«Decadencia», le llamarían algunos. «Locura», lo consideraron en algún punto. «Un atentado contra los valores norteamericanos»: frase ideal para quejarse de la homosexualidad. Si es así, entonces no existen personas con mayor gallardía. Para realizar un atentado se necesita valor; un sentido de decisión; una misión clara y una absoluta confianza de lo que se está realizando es para sacudir el statu quo, y –en el caso de las personas gay– rechazar el orden establecido, creando un mundo nuevo en el que sean aceptados como cualquier otra persona, sin prejuicios, sin adjetivos; sin el miedo a ser atacados, como si fuesen terroristas.
Primero existe un conflicto interno. «¿Por qué soy distinto?». «¿Por qué no me siento como debería?». Imaginamos a los primeros homosexuales que tuvieron que luchar para reconocerse. Pensamos en los jóvenes norteamericanos que crecieron bajo el ideal falso de la familia tradicional, cuya integridad no podía ser transformada ni corrompida. Fueron criados, convencidos de que forzosamente tenían que ser de cierta forma, sentirse atraídos por personas del sexo opuesto y que su propósito era sólo el de casarse y procrear para mantener el ciclo. ¿Cómo fue su lucha para deshacerse de esos ideales y aceptar la realidad y sus verdaderos deseos?

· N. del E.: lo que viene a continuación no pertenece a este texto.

lemma mp_eval_shift: "mp_eval x (mp_shift F u) = mp_eval (\<lambda>i. x i - u i) F"
  unfolding mp_shift_def mp_subst_def
  by (simp add: mp_eval_def[of _ F] mp_eval.hom_sum mp_eval.hom_mult mp_eval.hom_prod
      mp_eval.hom_power mp_eval.hom_minus mp_eval_monom_def)

lemma mp_eval_shift_invariant:
  assumes "mp_shift F u = F"
  shows "mp_eval (\<lambda>i. x i + u i) F = mp_eval x F"
  using arg_cong[OF assms, of "mp_eval (\<lambda>i. x i + u i)"] by (simp add: mp_eval_shift)

lemma prod_diag_sylvester_mat_sub:
  fixes f g :: "'a::comm_ring_1 poly"
  shows "prod_list (diag_mat (sylvester_mat_sub n m f g)) = coeff f n ^ m * coeff g 0 ^ n"
proof -
  let ?A = "sylvester_mat_sub n m f g"
  have "prod_list (diag_mat ?A) = (\<Prod>i = 0..<m. ?A $$ (i, i)) * (\<Prod>i = m..<n + m. ?A $$ (i, i))"
    by (simp add: prod_list_diag_prod prod.atLeastLessThan_concat)
  also have "\<dots> = (\<Prod>i = 0..<m. coeff f n) * (\<Prod>i = m..<n + m. coeff g 0)"
    by (intro arg_cong2[where f = "(*)"] prod.cong) (auto simp: sylvester_mat_sub_index)
  finally show ?thesis by simp
qed

lemma det_sylvester_mat_sub_triangular:
  fixes f g :: "'a::comm_ring_1 poly"
  assumes "(\<forall>k<n. coeff f k = 0) \<or> (\<forall>k\<ge>1. coeff g k = 0)"
  shows "det (sylvester_mat_sub n m f g) = coeff f n ^ m * coeff g 0 ^ n"
  using assms
proof
  assume "\<forall>k<n. coeff f k = 0"
  then have "det (sylvester_mat_sub n m f g) = prod_list (diag_mat (sylvester_mat_sub n m f g))"
    by (intro det_lower_triangular[of "n + m"]) (auto simp: sylvester_mat_sub_index)
  then show ?thesis by (simp add: prod_diag_sylvester_mat_sub)
next
  assume "\<forall>k\<ge>1. coeff g k = 0"
  then have "det (sylvester_mat_sub n m f g) = prod_list (diag_mat (sylvester_mat_sub n m f g))"
    by (intro det_upper_triangular[of _ "n + m"])
      (auto simp: upper_triangular_def sylvester_mat_sub_index)
  then show ?thesis by (simp add: prod_diag_sylvester_mat_sub)
qed

lemma sum_coeff_reversed_eq_poly:
  fixes P :: "'a::comm_semiring_1 poly"
  assumes "degree P < N"
  shows "(\<Sum>j<N. coeff P (N - Suc j) * r ^ (N - Suc j)) = poly P r"
proof -
  have "(\<Sum>j<N. coeff P (N - Suc j) * r ^ (N - Suc j)) = (\<Sum>k<N. coeff P k * r ^ k)"
    by (rule sum.nat_diff_reindex)
  also have "\<dots> = (\<Sum>k\<le>degree P. coeff P k * r ^ k)"
    using assms by (intro sum.mono_neutral_right) (auto simp: coeff_eq_0)
  also have "\<dots> = poly P r"
    by (simp add: poly_altdef)
  finally show ?thesis .
qed

lemma sylvester_mat_sub_mult_powers:
  fixes f g :: "'a::comm_ring_1 poly"
  assumes df: "degree f \<le> n" and dg: "degree g \<le> m" and i: "i < n + m"
  shows "(sylvester_mat_sub n m f g *\<^sub>v vec (n + m) (\<lambda>j. r ^ (n + m - Suc j))) $ i =
    poly (if i < m then monom 1 (m - Suc i) * f else monom 1 (n + m - Suc i) * g) r"
    (is "_ = poly ?P r")
proof -
  let ?N = "n + m"
  let ?A = "sylvester_mat_sub n m f g"
  have entries: "?A $$ (i, j) = coeff ?P (?N - Suc j)" if j: "j < ?N" for j
  proof (cases "i < m")
    case True
    then have P: "?P = monom 1 (m - Suc i) * f" by simp
    show ?thesis
      using True i j df unfolding P coeff_monom_mult
      by (auto simp: sylvester_mat_sub_index coeff_eq_0 intro!: arg_cong[where f = "coeff f"])
  next
    case False
    then have P: "?P = monom 1 (?N - Suc i) * g" by simp
    show ?thesis
      using False i j dg unfolding P coeff_monom_mult
      by (auto simp: sylvester_mat_sub_index coeff_eq_0 intro!: arg_cong[where f = "coeff g"])
  qed
  have "degree ?P < ?N"
  proof (cases "i < m")
    case True
    have "degree (monom (1::'a) (m - Suc i) * f) \<le> (m - Suc i) + n"
      by (meson add_mono degree_mult_le degree_monom_le df order_trans)
    with True show ?thesis by simp
  next
    case False
    have "degree (monom (1::'a) (?N - Suc i) * g) \<le> (?N - Suc i) + m"
      by (meson add_mono degree_mult_le degree_monom_le dg order_trans)
    with False i show ?thesis by simp
  qed
  then have "(\<Sum>j<?N. ?A $$ (i, j) * r ^ (?N - Suc j)) = poly ?P r"
    using entries by (simp add: sum_coeff_reversed_eq_poly[symmetric])
  then show ?thesis
    using i by (simp add: mult_mat_vec_def scalar_prod_def atLeast0LessThan)
qed

lemma det_sylvester_mat_sub_common_root:
  fixes f g :: "'a::field poly"
  assumes "degree f \<le> n" and "degree g \<le> m" and "n + m \<ge> 1"
    and "poly f r = 0" and "poly g r = 0"
  shows "det (sylvester_mat_sub n m f g) = 0"
proof -
  let ?N = "n + m"
  define v where "v = vec ?N (\<lambda>j. r ^ (?N - Suc j))"
  have "?N - Suc (?N - 1) = 0"
    using assms(3) by simp
  then have "v $ (?N - 1) = 1"
    using assms(3) by (simp add: v_def)
  then have "v \<noteq> 0\<^sub>v ?N"
    using assms(3) by auto
  moreover have "sylvester_mat_sub n m f g *\<^sub>v v = 0\<^sub>v ?N"
  proof (rule eq_vecI)
    fix i
    assume "i < dim_vec (0\<^sub>v ?N :: 'a vec)"
    then show "(sylvester_mat_sub n m f g *\<^sub>v v) $ i = 0\<^sub>v ?N $ i"
      using sylvester_mat_sub_mult_powers[OF assms(1,2), of i r] assms(4,5)
      by (simp add: v_def poly_monom)
  qed simp
  moreover have "v \<in> carrier_vec ?N"
    by (simp add: v_def)
  ultimately show ?thesis
    using det_0_iff_vec_prod_zero_field[of _ ?N] sylvester_mat_sub_carrier[of n m f g] by blast
qed

lemma poly_nonroot_exists_if_degree_less_CHAR:
  fixes H :: "'a::idom poly"
  assumes "H \<noteq> 0" and "degree H < CHAR('a)"
  shows "\<exists>r. poly H r \<noteq> 0"
proof (rule ccontr)
  assume "\<not> ?thesis"
  then have "of_nat ` {..<CHAR('a)} \<subseteq> {r::'a. poly H r = 0}"
    by auto
  then have "card (of_nat ` {..<CHAR('a)} :: 'a set) \<le> card {r::'a. poly H r = 0}"
    using poly_roots_finite[OF assms(1)] by (intro card_mono) auto
  also have "\<dots> \<le> degree H"
    using assms(1) by (rule card_poly_roots_bound)
  also have "card (of_nat ` {..<CHAR('a)} :: 'a set) = CHAR('a)"
    by (subst card_image) (auto intro!: inj_onI simp: of_nat_eq_iff_cong_CHAR cong_def)
  finally show False
    using assms(2) by simp
qed

definition generic_f_at :: "nat \<Rightarrow> (nat \<Rightarrow> 'a::comm_ring_1) \<Rightarrow> 'a poly" where
  "generic_f_at n x = (\<Sum>i\<le>n. monom (x i) i)"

Para darnos una idea podemos mirar las fotografías de Meryl Meisler, cuyos autorretratos muestran su conexión con el pasado y el contexto que la marcó de cierta forma y la intrepidez con la que profana ese espacio, descubriendo su sexualidad en el instante.
En complejos encuadres, la fotógrafa originaria del Bronx en Nueva York tomó esas imágenes durante su periodo universitario, volviendo a casa y permitiéndose bailar alrededor del lugar que la vio crecer. Tal como cuenta en una entrevista con Vice, la mujer tuvo sus raíces en un hogar tradicional y aunque sus padres eran afectos del arte, siempre la orillaron hacia las disciplinas consideradas “femeninas”. De igual forma, pasó gran parte de su adolescencia y su temprana adultez saliendo con hombres e intentando relaciones con ellos, pero siempre tuvo una duda dentro de su mente que le hacía sentir que lo que hacía no le aportaba felicidad y que deseaba algo diferente; más grande.
Al mismo tiempo, vio que ya no era la misma persona que creció ahí, sino que era distinta; alguien más valiente, intrépida y sensual. Al mirarse en las imágenes notó que su feminidad no era igual a la de otras, sino que existía algo más complejo detrás de sus poses. La fortaleza que miró en ellas la impulsó a llevar más lejos su energía y a notar que probablemente adoraba más el cuerpo de las mujeres —y aun más el suyo— que cualquiera de los hombres que había conocido.
Fue entonces cuando el miedo desapareció. Todas las dudas de pronto se despejaron y sabía quién era la mujer en las fotografías: alguien que aceptaba su sexualidad en todos los sentidos. Ya no temía de su atracción por las mujeres, ni de los pensamientos que no encajaban con el ideal norteamericano del que todos hablaban, pero que nunca habían visto. No sólo se halló como fotógrafa —después de estudiar arte—, sino también la razón para sonreír y ver que su individualidad era hermosa y que si era necesario gritarlo, lo haría; tenía el valor suficiente para modificar el mundo para su conveniencia y disfrutar de quien era, no sólo en su habitación, sino en todas partes.
Las fotografías de Meisler son únicas, pero muestran una realidad que viven millones alrededor del mundo, incluso ahora que vivimos en tiempos más “abiertos”. Es en esos momentos privados en los que explotamos dentro de nuestros hogares que nos damos cuenta quienes somos. Cuando nos miramos en el espejo y aceptamos finalmente quien somos es el momento de la absoluta felicidad. Es la culminación de años de dudas creadas por un statu quo que no va con nuestro pensamiento, aquel que debemos romper diciendo «éste soy yo» y exigir un lugar en el mundo.